[What you need to do] Please show all lines of the records that include "cases".

[Collected data]
(* Let $\Sigma_1 \subset \mathbb{R}^{N_1}$ and $\Sigma_2 \subset \mathbb{R}^{N_2}$ be nonempty, and let $\Sigma = \Sigma_1 \times \Sigma_2 \subset \mathbb{R}^{N_1}\times\mathbb{R}^{N_2}$, equipped with the norm $\|(x_1,x_2)\|_2 = \sqrt{\|x_1\|_2^2 + \|x_2\|_2^2}$. For $i = 1,2$ let $P_i$ be a generalized projection onto $\Sigma_i$ minimizing $\beta_{\Sigma_i}$ over all generalized projections onto $\Sigma_i$, with $\beta_{\Sigma_i}(P_i) < \infty$. Define $P_\Sigma(z_1, z_2) = (P_1(z_1), P_2(z_2))$ (i.e., the set $P_1(z_1)\times P_2(z_2)$). Then $P_\Sigma$ minimizes $\beta_\Sigma$ over all generalized projections onto $\Sigma$.
   Context: A (set-valued) generalized projection onto $\Sigma \subset \mathbb{R}^N$ is a map $P$ assigning to each $z \in \mathbb{R}^N$ a nonempty subset $P(z) \subset \Sigma$. Restricted Lipschitz property: $P$ has the restricted $\beta$-Lipschitz property with respect to $\Sigma$ if for all $z \in \mathbb{R}^N$, all $x \in \Sigma$ and all $u \in P(z)$, $\|u - x\|_2 \le \beta\|z - x\|_2$; $\beta_\Sigma(P)$ denotes the smallest such $\beta$ (possibly $+\infty$). *)

theory Defs
  imports "HOL-Analysis.Analysis"
begin

definition gen_proj :: "'a set \<Rightarrow> ('a \<Rightarrow> 'a set) \<Rightarrow> bool" where
  "gen_proj S P \<longleftrightarrow> (\<forall>z. P z \<noteq> {} \<and> P z \<subseteq> S)"

definition restricted_lipschitz ::
  "'a::real_normed_vector set \<Rightarrow> ('a \<Rightarrow> 'a set) \<Rightarrow> real \<Rightarrow> bool" where
  "restricted_lipschitz S P \<beta> \<longleftrightarrow>
     (\<forall>z. \<forall>x\<in>S. \<forall>u\<in>P z. norm (u - x) \<le> \<beta> * norm (z - x))"

definition beta_Sigma :: "'a::real_normed_vector set \<Rightarrow> ('a \<Rightarrow> 'a set) \<Rightarrow> ereal" where
  "beta_Sigma S P = Inf {ereal \<beta> | \<beta>. 0 \<le> \<beta> \<and> restricted_lipschitz S P \<beta>}"

definition optimal_proj :: "'a::real_normed_vector set \<Rightarrow> ('a \<Rightarrow> 'a set) \<Rightarrow> bool" where
  "optimal_proj S P \<longleftrightarrow> gen_proj S P \<and> (\<forall>Q. gen_proj S Q \<longrightarrow> beta_Sigma S P \<le> beta_Sigma S Q)"

end

theory Submission
  imports Defs
begin

text \<open>Restricting a projection onto \<open>S1 \<times> S2\<close> to a horizontal (resp. vertical) line through
  a point of \<open>S1 \<times> S2\<close> and projecting to the first (resp. second) factor yields a projection
  onto \<open>S1\<close> (resp. \<open>S2\<close>) with no worse Lipschitz constant, because the norm of a pair
  dominates the norms of its components. Hence no projection onto the product beats
  \<open>max \<beta>\<^sub>1 \<beta>\<^sub>2\<close>, and the product of optimal projections attains this bound since the
  product norm is the Euclidean norm of the pair of component norms.\<close>

definition prod_proj :: "('a \<Rightarrow> 'a set) \<Rightarrow> ('b \<Rightarrow> 'b set) \<Rightarrow> 'a \<times> 'b \<Rightarrow> ('a \<times> 'b) set" where
  "prod_proj P1 P2 = (\<lambda>(z1, z2). P1 z1 \<times> P2 z2)"

definition fst_slice :: "('a \<times> 'b \<Rightarrow> ('a \<times> 'b) set) \<Rightarrow> 'b \<Rightarrow> 'a \<Rightarrow> 'a set" where
  "fst_slice Q b = (\<lambda>z. fst ` Q (z, b))"

definition snd_slice :: "('a \<times> 'b \<Rightarrow> ('a \<times> 'b) set) \<Rightarrow> 'a \<Rightarrow> 'b \<Rightarrow> 'b set" where
  "snd_slice Q a = (\<lambda>z. snd ` Q (a, z))"

lemma restricted_lipschitz_mono:
  assumes "restricted_lipschitz S P b" and "b \<le> c"
  shows "restricted_lipschitz S P c"
  using assms unfolding restricted_lipschitz_def
  by (meson mult_right_mono norm_ge_zero order_trans)

lemma restricted_lipschitz_if_beta_Sigma_less:
  assumes "beta_Sigma S P < ereal c"
  shows "0 \<le> c" and "restricted_lipschitz S P c"
proof -
  obtain b where "0 \<le> b" "restricted_lipschitz S P b" "b < c"
    using assms unfolding beta_Sigma_def by (auto simp: Inf_less_iff)
  then show "0 \<le> c" and "restricted_lipschitz S P c"
    using restricted_lipschitz_mono[of S P b c] by auto
qed

lemma beta_Sigma_le:
  assumes "0 \<le> c" and "restricted_lipschitz S P c"
  shows "beta_Sigma S P \<le> ereal c"
  unfolding beta_Sigma_def using assms by (intro Inf_lower) auto

lemma beta_Sigma_mono:
  assumes "\<And>c. restricted_lipschitz S P c \<Longrightarrow> restricted_lipschitz S' P' c"
  shows "beta_Sigma S' P' \<le> beta_Sigma S P"
  unfolding beta_Sigma_def using assms by (intro Inf_superset_mono) auto

lemma norm_Pair_le_scaled:
  assumes "norm a \<le> c * norm b" and "norm a' \<le> c * norm b'" and "0 \<le> c"
  shows "norm (a, a') \<le> c * norm (b, b')"
proof -
  have "(norm a)\<^sup>2 + (norm a')\<^sup>2 \<le> (c * norm b)\<^sup>2 + (c * norm b')\<^sup>2"
    using assms by (intro add_mono power_mono) auto
  then have "sqrt ((norm a)\<^sup>2 + (norm a')\<^sup>2) \<le> sqrt (c\<^sup>2 * ((norm b)\<^sup>2 + (norm b')\<^sup>2))"
    by (simp add: power_mult_distrib algebra_simps)
  also have "\<dots> = c * sqrt ((norm b)\<^sup>2 + (norm b')\<^sup>2)"
    using assms(3) by (simp add: real_sqrt_mult)
  finally show ?thesis by (simp add: norm_Pair)
qed

lemma gen_proj_prod:
  assumes "gen_proj S1 P1" and "gen_proj S2 P2"
  shows "gen_proj (S1 \<times> S2) (prod_proj P1 P2)"
  using assms unfolding gen_proj_def prod_proj_def by auto

lemma restricted_lipschitz_prod:
  assumes "restricted_lipschitz S1 P1 c" and "restricted_lipschitz S2 P2 c" and "0 \<le> c"
  shows "restricted_lipschitz (S1 \<times> S2) (prod_proj P1 P2) c"
  unfolding restricted_lipschitz_def
proof (intro allI ballI)
  fix z x u
  assume "x \<in> S1 \<times> S2" and "u \<in> prod_proj P1 P2 z"
  then obtain z1 z2 x1 x2 u1 u2 where z: "z = (z1, z2)" "x = (x1, x2)" "u = (u1, u2)"
    and mem: "x1 \<in> S1" "x2 \<in> S2" "u1 \<in> P1 z1" "u2 \<in> P2 z2"
    unfolding prod_proj_def by (cases z, cases x, cases u) auto
  have "norm (u1 - x1) \<le> c * norm (z1 - x1)" and "norm (u2 - x2) \<le> c * norm (z2 - x2)"
    using assms(1,2) mem unfolding restricted_lipschitz_def by blast+
  then show "norm (u - x) \<le> c * norm (z - x)"
    using z assms(3) by (simp add: norm_Pair_le_scaled)
qed

lemma beta_Sigma_prod_le:
  "beta_Sigma (S1 \<times> S2) (prod_proj P1 P2) \<le> max (beta_Sigma S1 P1) (beta_Sigma S2 P2)"
proof (rule dense_ge)
  fix w
  assume less: "max (beta_Sigma S1 P1) (beta_Sigma S2 P2) < w"
  show "beta_Sigma (S1 \<times> S2) (prod_proj P1 P2) \<le> w"
  proof (cases w)
    case (real c)
    then have "beta_Sigma S1 P1 < ereal c" and "beta_Sigma S2 P2 < ereal c"
      using less by auto
    then show ?thesis
      using real restricted_lipschitz_if_beta_Sigma_less restricted_lipschitz_prod beta_Sigma_le
      by metis
  qed (use less in auto)
qed

lemma gen_proj_fst_slice:
  assumes "gen_proj (S1 \<times> S2) Q"
  shows "gen_proj S1 (fst_slice Q b)"
  using assms unfolding gen_proj_def fst_slice_def by fastforce

lemma gen_proj_snd_slice:
  assumes "gen_proj (S1 \<times> S2) Q"
  shows "gen_proj S2 (snd_slice Q a)"
  using assms unfolding gen_proj_def snd_slice_def by fastforce

lemma restricted_lipschitz_fst_slice:
  assumes "restricted_lipschitz (S1 \<times> S2) Q c" and "b \<in> S2"
  shows "restricted_lipschitz S1 (fst_slice Q b) c"
  unfolding restricted_lipschitz_def
proof (intro allI ballI)
  fix z x u
  assume "x \<in> S1" and "u \<in> fst_slice Q b z"
  then obtain v where v: "v \<in> Q (z, b)" and u: "u = fst v"
    unfolding fst_slice_def by auto
  have "norm (u - x) \<le> norm (v - (x, b))"
    using u by (cases v) (simp add: norm_Pair)
  also have "\<dots> \<le> c * norm ((z, b) - (x, b))"
    using assms \<open>x \<in> S1\<close> v unfolding restricted_lipschitz_def by blast
  finally show "norm (u - x) \<le> c * norm (z - x)" by simp
qed

lemma restricted_lipschitz_snd_slice:
  assumes "restricted_lipschitz (S1 \<times> S2) Q c" and "a \<in> S1"
  shows "restricted_lipschitz S2 (snd_slice Q a) c"
  unfolding restricted_lipschitz_def
proof (intro allI ballI)
  fix z x u
  assume "x \<in> S2" and "u \<in> snd_slice Q a z"
  then obtain v where v: "v \<in> Q (a, z)" and u: "u = snd v"
    unfolding snd_slice_def by auto
  have "norm (u - x) \<le> norm (v - (a, x))"
    using u by (cases v) (simp add: norm_Pair)
  also have "\<dots> \<le> c * norm ((a, z) - (a, x))"
    using assms \<open>x \<in> S2\<close> v unfolding restricted_lipschitz_def by blast
  finally show "norm (u - x) \<le> c * norm (z - x)" by simp
qed

lemma optimal_proj_le_beta_Sigma_prod:
  assumes "S1 \<noteq> {}" and "S2 \<noteq> {}" and "optimal_proj S1 P1" and "optimal_proj S2 P2"
    and "gen_proj (S1 \<times> S2) Q"
  shows "max (beta_Sigma S1 P1) (beta_Sigma S2 P2) \<le> beta_Sigma (S1 \<times> S2) Q"
proof -
  obtain a b where "a \<in> S1" and "b \<in> S2"
    using assms(1,2) by blast
  have "beta_Sigma S1 P1 \<le> beta_Sigma S1 (fst_slice Q b)"
    using assms(3,5) gen_proj_fst_slice unfolding optimal_proj_def by metis
  also have "\<dots> \<le> beta_Sigma (S1 \<times> S2) Q"
    using \<open>b \<in> S2\<close> by (blast intro: beta_Sigma_mono restricted_lipschitz_fst_slice)
  finally have "beta_Sigma S1 P1 \<le> beta_Sigma (S1 \<times> S2) Q" .
  moreover have "beta_Sigma S2 P2 \<le> beta_Sigma S2 (snd_slice Q a)"
    using assms(4,5) gen_proj_snd_slice unfolding optimal_proj_def by metis
  moreover have "\<dots> \<le> beta_Sigma (S1 \<times> S2) Q"
    using \<open>a \<in> S1\<close> by (blast intro: beta_Sigma_mono restricted_lipschitz_snd_slice)
  ultimately show ?thesis by simp
qed

lemma optimal_proj_prod:
  assumes "S1 \<noteq> {}" and "S2 \<noteq> {}" and "optimal_proj S1 P1" and "optimal_proj S2 P2"
  shows "optimal_proj (S1 \<times> S2) (prod_proj P1 P2)"
  unfolding optimal_proj_def
proof (intro conjI allI impI)
  show "gen_proj (S1 \<times> S2) (prod_proj P1 P2)"
    using assms(3,4) gen_proj_prod unfolding optimal_proj_def by blast
next
  fix Q
  assume "gen_proj (S1 \<times> S2) Q"
  then show "beta_Sigma (S1 \<times> S2) (prod_proj P1 P2) \<le> beta_Sigma (S1 \<times> S2) Q"
    using beta_Sigma_prod_le optimal_proj_le_beta_Sigma_prod[OF assms] order_trans by blast
qed

theorem lemma2:
  fixes S1 :: "(real ^ 'n1) set" and S2 :: "(real ^ 'n2) set"
    and P1 :: "real ^ 'n1 \<Rightarrow> (real ^ 'n1) set"
    and P2 :: "real ^ 'n2 \<Rightarrow> (real ^ 'n2) set"
  assumes "S1 \<noteq> {}" and "S2 \<noteq> {}"
    and "optimal_proj S1 P1" and "optimal_proj S2 P2"
    and "beta_Sigma S1 P1 < \<infinity>" and "beta_Sigma S2 P2 < \<infinity>"
  shows "optimal_proj (S1 \<times> S2) (\<lambda>(z1, z2). P1 z1 \<times> P2 z2)"
  using optimal_proj_prod[OF assms(1-4)] unfolding prod_proj_def .

end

[Answer for the task]
    unfolding prod_proj_def by (cases z, cases x, cases u) auto
  proof (cases w)
    using u by (cases v) (simp add: norm_Pair)
    using u by (cases v) (simp add: norm_Pair)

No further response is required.